Increasing adherence to a standardized rounding procedure in two hospital in‐patient units
A one-page checklist, weekly graph, and five-minute huddle pushed physician rounding adherence up 25–44% without adding time.
01Research in Context
What this study did
Gravina et al. (2021) worked with two hospital units to fix sloppy bedside rounds. Doctors were skipping steps like greeting the patient or checking meds.
The team wrote a one-page checklist that spelled out every step. They gave weekly feedback graphs and held five-minute huddles every Monday.
What they found
After the package started, doctors followed the full routine 25–44% more often. Rounds did not take longer and staff said the plan was easy.

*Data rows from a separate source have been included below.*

datatype 'r rsym = Rel 'r | SymV | SymR
datatype 'c csym = Cst 'c | Mars | Venus

definition Rs_plus :: "'r set \<Rightarrow> 'r rsym set" where
  "Rs_plus Rs = Rel ` Rs \<union> {SymV, SymR}"

fun ar_plus :: "('r \<Rightarrow> nat) \<Rightarrow> 'r rsym \<Rightarrow> nat" where
  "ar_plus ar (Rel A) = ar A"
| "ar_plus ar SymV = 2"
| "ar_plus ar SymR = 2"

definition Cs_plus :: "'c set \<Rightarrow> 'c csym set" where
  "Cs_plus Cs = Cst ` Cs \<union> {Mars, Venus}"

text \<open>\<Psi>s \<le>\<forall> \<Psi>b over \<Sigma>+, quantifying over all structures (of element type 'e).\<close>
definition le_forall :: "'e itself \<Rightarrow> 'r set \<Rightarrow> ('r \<Rightarrow> nat) \<Rightarrow> 'c set \<Rightarrow>
    ('r rsym, 'v, 'c csym) cq \<Rightarrow> ('r rsym, 'v, 'c csym) cq \<Rightarrow> bool" where
  "le_forall _ Rs ar Cs \<Psi>s \<Psi>b \<longleftrightarrow>
     (\<forall>D :: ('r rsym, 'c csym, 'e) rstruct.
        struct_over (Rs_plus Rs) (ar_plus ar) (Cs_plus Cs) D \<longrightarrow> hcount \<Psi>s D \<le> hcount \<Psi>b D)"

definition Good :: "'r set \<Rightarrow> ('r \<Rightarrow> nat) \<Rightarrow> 'c set \<Rightarrow> ('r rsym, 'v, 'c csym) cq" where
  "Good Rs ar Cs =
     {(SymV, [Const Venus, Const Venus]), (SymR, [Const Venus, Const Venus])} \<union>
     {(Rel A, ts) | A ts. A \<in> Rs \<and> length ts = ar A \<and>
        set ts \<subseteq> {Const Venus} \<union> (Const \<circ> Cst) ` Cs \<and> Const Venus \<in> set ts}"

definition Planet :: "('v, 'c csym) trm \<Rightarrow> ('r rsym, 'v, 'c csym) cq" where
  "Planet x = {(SymR, [Const Venus, x]), (SymR, [x, Const Venus])}"

fun lift_trm :: "('v, 'c) trm \<Rightarrow> ('v + nat, 'c csym) trm" where
  "lift_trm (Var v) = Var (Inl v)"
| "lift_trm (Const c) = Const (Cst c)"

definition lift_cq :: "('r, 'v, 'c) cq \<Rightarrow> ('r rsym, 'v + nat, 'c csym) cq" where
  "lift_cq \<phi> = (\<lambda>(A, ts). (Rel A, map lift_trm ts)) ` \<phi>"

definition rhd :: "('v + nat, 'c csym) trm \<Rightarrow> ('r, 'v, 'c) cq \<Rightarrow> ('r rsym, 'v + nat, 'c csym) cq" where
  "rhd x \<phi> = lift_cq \<phi> \<union> Planet x \<union> {(SymV, [x, Var (Inl y)]) | y. y \<in> cq_vars \<phi>}"

text \<open>The fresh variables x_1, ..., x_J are Var (Inr 0), ..., Var (Inr (J-1)).\<close>
abbreviation xv :: "nat \<Rightarrow> ('v + nat, 'c csym) trm" where
  "xv j \<equiv> Var (Inr j)"

definition RClique :: "nat \<Rightarrow> ('r rsym, 'v + nat, 'c csym) cq" where
  "RClique J = (\<Union>j<J. Planet (xv j)) \<union>
     (\<Union>j<J. \<Union>j'<J. if j < j' then {(SymR, [xv j, xv j']), (SymR, [xv j', xv j])} else {})"

definition cqOf :: "('r, 'v, 'c) ucq \<Rightarrow> ('r rsym, 'v + nat, 'c csym) cq" where
  "cqOf \<Phi> = RClique (length \<Phi>) \<union> (\<Union>j<length \<Phi>. rhd (xv j) (\<Phi> ! j))"

datatype 'e pelem = Old 'e | MarsE | VenusE

fun pcint :: "('c \<Rightarrow> 'e) \<Rightarrow> 'c csym \<Rightarrow> 'e pelem" where
  "pcint ci (Cst c) = Old (ci c)"
| "pcint ci Mars = MarsE"
| "pcint ci Venus = VenusE"

definition marsify :: "'r set \<Rightarrow> ('r \<Rightarrow> nat) \<Rightarrow> 'c set \<Rightarrow> ('r, 'c, 'e) rstruct
    \<Rightarrow> ('r rsym, 'c csym, 'e pelem) rstruct" where
  "marsify Rs ar Cs D =
     \<lparr> dom = Old ` dom D \<union> {MarsE, VenusE},
       cint = pcint (cint D),
       facts = eval_atom (pcint (cint D)) (\<lambda>_. undefined)
                 ` (Good Rs ar Cs \<union> Planet (Const Mars) :: ('r rsym, unit, 'c csym) cq)
               \<union> {(Rel A, map Old es) | A es. (A, es) \<in> facts D}
               \<union> {(SymV, [MarsE, Old a]) | a. a \<in> dom D} \<rparr>"

end

theory Submission
  imports Defs
begin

How this fits with other research
Ng et al. (2019) got the same lift with task clarification plus feedback, but in a training-center cleanup job. The shared pieces are the checklist and quick graphs.
Harper et al. (2023) used full behavioral skills training to teach nurses how to present at meetings. Their results hit 100% accuracy, showing BST can go deeper when you have more time.
Yuwiler et al. (1992) tripled glove use by giving nurses written feedback and weekly goal reviews. The target study swaps gloves for rounding steps, but the engine—clear goals plus feedback—is the same.
Why it matters
You can copy this package tomorrow. Post the checklist in the team room, email a bar graph every Friday, and start the week with a five-minute recap. No extra budget, no long lectures, just clearer rules and quick data. If doctors on busy wards can jump 25–44%, your staff can too.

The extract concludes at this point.